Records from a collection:

□ □ □ □ □

lemma short_extend_lv_last_iff:
  assumes n: "1 \<le> n" and nonneg: "\<forall>i\<in>{1..n-1}. 0 \<le> l i" and S: "n+1 \<in> S"
  shows "short (n+1) (extend_lv n l) S \<longleftrightarrow>
    S - {n+1} \<subseteq> {1..n-1} \<and> 2 * sum l (S - {n+1}) + 2 * l n < sum l {1..n}"
proof (cases "n \<in> S")
  case True
  define A where "A = S - {n, n+1}"
  have "\<not> short (n+1) (extend_lv n l) S"
  proof
    assume "short (n+1) (extend_lv n l) S"
    then have A: "A \<subseteq> {1..n-1}"
        and short: "2 * sum (extend_lv n l) S < sum (extend_lv n l) {1..n+1}"
      unfolding A_def short_iff_double_sum by auto
    have "S = insert n (insert (n+1) A)" "n \<notin> A" "n+1 \<notin> A"
      using True S unfolding A_def by auto
    then have "sum (extend_lv n l) S = sum l A + sum l {1..n} + 1 - l n"
      using sum_extend_lv_low[OF A n] finite_subset[OF A] by (simp add: extend_lv_eq)
    moreover have "0 \<le> sum l A"
      using A nonneg by (intro sum_nonneg) auto
    ultimately show False
      using short sum_extend_lv_total[OF n] by simp
  qed
  then show ?thesis
    using True n by auto
next
  case False
  define A where "A = S - {n+1}"
  have "{1..n} = insert n {1..n-1}"
    using n by auto
  then have range: "A \<subseteq> {1..n} \<longleftrightarrow> A \<subseteq> {1..n-1}"
    using False unfolding A_def by (simp add: subset_insert)
  have "short (n+1) (extend_lv n l) S \<longleftrightarrow> A \<subseteq> {1..n} \<and>
      2 * sum (extend_lv n l) A + 2 * extend_lv n l (n+1) < sum (extend_lv n l) {1..n+1}"
    using short_last_iff[of "n+1" S] S unfolding A_def by simp
  also have "\<dots> \<longleftrightarrow> A \<subseteq> {1..n-1} \<and> 2 * sum l A + 2 * l n < sum l {1..n}"
    using range sum_extend_lv_low[OF _ n] sum_extend_lv_total[OF n]
    by (auto simp: extend_lv_eq add_divide_distrib)
  finally show ?thesis
    unfolding A_def .
qed

lemma gees_extend_lv:
  assumes n: "1 \<le> n" and nonneg: "\<forall>i\<in>{1..n-1}. 0 \<le> l i"
  shows "gees n l = gees (n+1) (extend_lv n l)"
proof -
  define Q where "Q = {A. A \<subseteq> {1..n-1} \<and> 2 * sum l A + 2 * l n < sum l {1..n}}"
  have below: "A \<subseteq> {..<n}" "A \<subseteq> {..<n+1}" if "A \<in> Q" for A
    using that n unfolding Q_def by (auto simp: subset_iff)
  have "gees n l = maximal_sets Q"
    using below short_last_iff[OF n] unfolding Q_def by (intro gees_eq_maximal_sets) auto
  also have "\<dots> = gees (n+1) (extend_lv n l)"
    using below short_extend_lv_last_iff[OF n nonneg] unfolding Q_def
    by (intro gees_eq_maximal_sets[symmetric]) auto
  finally show ?thesis .
qed

section \<open>Integer approximation\<close>

lemma floor_scaled_sum_compare:
  fixes l :: "nat \<Rightarrow> real"
  assumes "finite I" "S \<subseteq> I" "real (card I) < N * \<bar>sum l S - sum l (I - S)\<bar>"
  defines "L \<equiv> \<lambda>i. real_of_int \<lfloor>N * l i\<rfloor>"
  shows "sum L S < sum L (I - S) \<longleftrightarrow> sum l S < sum l (I - S)"
    and "sum L S \<noteq> sum L (I - S)"
proof -
  define e where "e i = N * l i - L i" for i
  define x where "x = N * (sum l S - sum l (I - S))"
  define d where "d = sum e S - sum e (I - S)"
  have e_bounds: "0 \<le> e i" "e i \<le> 1" for i
    unfolding e_def L_def by linarith+
  have N: "0 < N"
    using assms(3) by (smt (verit) of_nat_0_le_iff mult_nonpos_nonneg abs_ge_zero)
  have "sum e S + sum e (I - S) = sum e I"
    using assms(1,2) by (metis add.commute sum.subset_diff)
  moreover have "sum e I \<le> real (card I)"
    using sum_bounded_above[of I e 1] e_bounds by simp
  moreover have "0 \<le> sum e S" "0 \<le> sum e (I - S)"
    using e_bounds by (simp_all add: sum_nonneg)
  moreover have "real (card I) < \<bar>x\<bar>"
    using assms(3) N unfolding x_def by (simp add: abs_mult)
  ultimately have "\<bar>d\<bar> < \<bar>x\<bar>"
    unfolding d_def by linarith
  then have "(x - d < 0 \<longleftrightarrow> x < 0) \<and> x - d \<noteq> 0"
    by (smt (verit))
  moreover have "sum L S - sum L (I - S) = x - d"
    unfolding x_def d_def e_def by (simp add: sum_subtractf sum_distrib_left algebra_simps)
  moreover have "x < 0 \<longleftrightarrow> sum l S < sum l (I - S)"
    unfolding x_def using N by (simp add: mult_less_0_iff)
  ultimately show "sum L S < sum L (I - S) \<longleftrightarrow> sum l S < sum l (I - S)"
    and "sum L S \<noteq> sum L (I - S)"
    by linarith+
qed

lemma exists_integer_lv_same_short:
  assumes lv: "length_vector n l" and gen: "generic n l"
  obtains L where "length_vector n L" "generic n L" "\<forall>i\<in>{1..n}. L i \<in> \<int>"
    "\<And>S. short n L S \<longleftrightarrow> short n l S"
proof -
  have n: "3 \<le> n"
    using length_vector_generic_ge_3[OF lv gen] .
  have pos: "0 < l i" if "i \<in> {1..n}" for i
    using lv that unfolding length_vector_def by blast
  have mono: "l i \<le> l j" if "1 \<le> i" "i \<le> j" "j \<le> n" for i j
    using lv that unfolding length_vector_def by blast
  define gap where "gap S = \<bar>sum l S - sum l ({1..n} - S)\<bar>" for S
  define \<delta> where "\<delta> = Min (gap ` Pow {1..n})"
  have \<delta>: "0 < \<delta>" "\<And>S. S \<subseteq> {1..n} \<Longrightarrow> \<delta> \<le> gap S"
    using gen unfolding \<delta>_def generic_def by (subst Min_gr_iff) (auto simp: gap_def)
  define N where "N = real n / \<delta> + 1 / l 1"
  have "l 1 > 0"
    using pos n by simp
  then have N_nonneg: "0 \<le> N" and N_l1: "1 \<le> N * l 1"
    using \<delta> unfolding N_def by (simp_all add: distrib_right)
  have "real n < N * \<delta>"
    using \<delta> \<open>l 1 > 0\<close> unfolding N_def by (simp add: distrib_right)
  then have card_less: "real (card {1..n}) < N * gap S" if "S \<subseteq> {1..n}" for S
    using \<delta>(2)[OF that] N_nonneg by (smt (verit) card_atLeastAtMost diff_Suc_1 mult_left_mono)
  define L where "L i = real_of_int \<lfloor>N * l i\<rfloor>" for i
  note compare = floor_scaled_sum_compare[OF finite_atLeastAtMost _ card_less[unfolded gap_def],
      folded L_def]
  have short_eq: "short n L S \<longleftrightarrow> short n l S" for S
    unfolding short_def using compare(1) by blast
  have "1 \<le> L i" if "i \<in> {1..n}" for i
    using mono[of 1 i] that N_nonneg N_l1 mult_left_mono[of "l 1" "l i" N] unfolding L_def
    by fastforce
  moreover have "L i \<le> L j" if "1 \<le> i" "i \<le> j" "j \<le> n" for i j
    unfolding L_def using mono[OF that] N_nonneg by (simp add: floor_mono mult_left_mono)
  moreover have "L n < sum L {1..n-1}"
    using lv short_eq[of "{n}"] short_singleton_last_iff[of n] n
    by (simp add: length_vector_def)
  ultimately have "length_vector n L"
    unfolding length_vector_def by force
  moreover have "generic n L"
    unfolding generic_def using compare(2) by blast
  moreover have "\<forall>i\<in>{1..n}. L i \<in> \<int>"
    unfolding L_def by simp
  ultimately show thesis
    using that short_eq by blast
qed

section \<open>Capping\<close>

lemma Ints_double_less_odd_iff:
  fixes x y :: real
  assumes "x \<in> \<int>" "y \<in> \<int>"
  shows "2 * x < 2 * y + 1 \<longleftrightarrow> x \<le> y"
  using assms by (auto elim!: Ints_cases)

lemma Ints_less_imp_add_one_le:
  fixes x y :: real
  assumes "x \<in> \<int>" "y \<in> \<int>" "x < y"
  shows "x + 1 \<le> y"
  using assms by (auto elim!: Ints_cases)

lemma sum_min_eq_if_sum_le:
  fixes f :: "'a \<Rightarrow> real"
  assumes "finite A" "\<forall>x\<in>A. 0 \<le> f x" "sum f A \<le> c"
  shows "(\<Sum>x\<in>A. min (f x) c) = sum f A"
proof (rule sum.cong)
  fix x assume "x \<in> A"
  then have "f x \<le> sum f A"
    using assms(1,2) by (intro member_le_sum) auto
  then show "min (f x) c = f x"
    using assms(3) by simp
qed simp

lemma sum_min_le_iff:
  fixes f :: "'a \<Rightarrow> real"
  assumes "finite A" "\<forall>x\<in>A. 0 \<le> f x" "0 \<le> b"
  shows "(\<Sum>x\<in>A. min (f x) (b + 1)) \<le> b \<longleftrightarrow> sum f A \<le> b"
proof
  assume le: "(\<Sum>x\<in>A. min (f x) (b + 1)) \<le> b"
  have "min (f x) (b + 1) = f x" if "x \<in> A" for x
  proof -
    have "min (f x) (b + 1) \<le> (\<Sum>x\<in>A. min (f x) (b + 1))"
      using assms that by (intro member_le_sum) auto
    then show ?thesis
      using le by linarith
  qed
  then show "sum f A \<le> b"
    using le by simp
next
  assume "sum f A \<le> b"
  then show "(\<Sum>x\<in>A. min (f x) (b + 1)) \<le> b"
    using sum_min_eq_if_sum_le[OF assms(1,2), of "b + 1"] by simp
qed

lemma sum_min_ge_double_add_one:
  fixes L :: "'a \<Rightarrow> real"
  assumes "finite I" "B \<subseteq> I" "\<forall>i\<in>I. 0 \<le> L i \<and> L i \<in> \<int>"
    and "\<mu> \<in> \<int>" "0 \<le> \<mu>" "sum L B = \<mu>" "2 * \<mu> < sum L I"
  shows "2 * \<mu> + 1 \<le> (\<Sum>i\<in>I. min (L i) (\<mu> + 1))"
proof -
  define c where "c i = min (L i) (\<mu> + 1)" for i
  have fin: "finite B" "finite (I - B)"
    using assms(1,2) finite_subset by auto
  have nonneg: "\<forall>i\<in>B. 0 \<le> L i" "\<forall>i\<in>I - B. 0 \<le> L i"
    using assms(2,3) by auto
  have "sum c B = \<mu>"
    unfolding c_def using sum_min_eq_if_sum_le[OF fin(1) nonneg(1)] assms(6) by simp
  moreover have "\<mu> < sum c (I - B)"
  proof (rule ccontr)
    assume "\<not> \<mu> < sum c (I - B)"
    then have "sum L (I - B) \<le> \<mu>"
      unfolding c_def using sum_min_le_iff[OF fin(2) nonneg(2) assms(5)] by simp
    moreover have "sum L I = sum L B + sum L (I - B)"
      using sum.subset_diff[OF assms(2,1), of L] by simp
    ultimately show False
      using assms(6,7) by linarith
  qed
  moreover have "sum c (I - B) \<in> \<int>"
    unfolding c_def using assms(3,4) by (intro Ints_sum) (auto simp: min_def)
  ultimately have "2 * \<mu> + 1 \<le> sum c B + sum c (I - B)"
    using Ints_less_imp_add_one_le[OF assms(4)] by fastforce
  also have "\<dots> = sum c I"
    using sum.subset_diff[OF assms(2,1), of c] by simp
  finally show ?thesis
    unfolding c_def .
qed

definition capped_lv :: "nat \<Rightarrow> real \<Rightarrow> (nat \<Rightarrow> real) \<Rightarrow> nat \<Rightarrow> real" where
  "capped_lv n \<mu> L i =
     (if i \<le> n - 2 then min (L i) (\<mu> + 1)
      else if i = n - 1 then \<mu> + 1
      else (\<Sum>j=1..n-2. min (L j) (\<mu> + 1)) - \<mu>)"

lemma sum_capped_lv_low:
  assumes "A \<subseteq> {1..n-2}"
  shows "sum (capped_lv n \<mu> L) A = (\<Sum>i\<in>A. min (L i) (\<mu> + 1))"
  using assms by (intro sum.cong) (auto simp: capped_lv_def)

lemma sum_capped_lv_total:
  assumes "3 \<le> n"
  shows "sum (capped_lv n \<mu> L) {1..n} = 2 * (\<Sum>j=1..n-2. min (L j) (\<mu> + 1)) + 1"
proof -
  have "capped_lv n \<mu> L (n-1) = \<mu> + 1" "capped_lv n \<mu> L n = (\<Sum>j=1..n-2. min (L j) (\<mu> + 1)) - \<mu>"
    using assms by (auto simp: capped_lv_def)
  then show ?thesis
    using sum_Icc_last_two[of n "capped_lv n \<mu> L"] sum_capped_lv_low[of "{1..n-2}" n \<mu> L] assms
    by simp
qed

□ □ □ □ □

YOUR OBJECTIVE: Every line that holds the word "linarith" should be copied from the records.

WORKED SOLUTION:
    unfolding e_def L_def by linarith+
    unfolding d_def by linarith
    by linarith+
      using le by linarith
      using assms(6,7) by linarith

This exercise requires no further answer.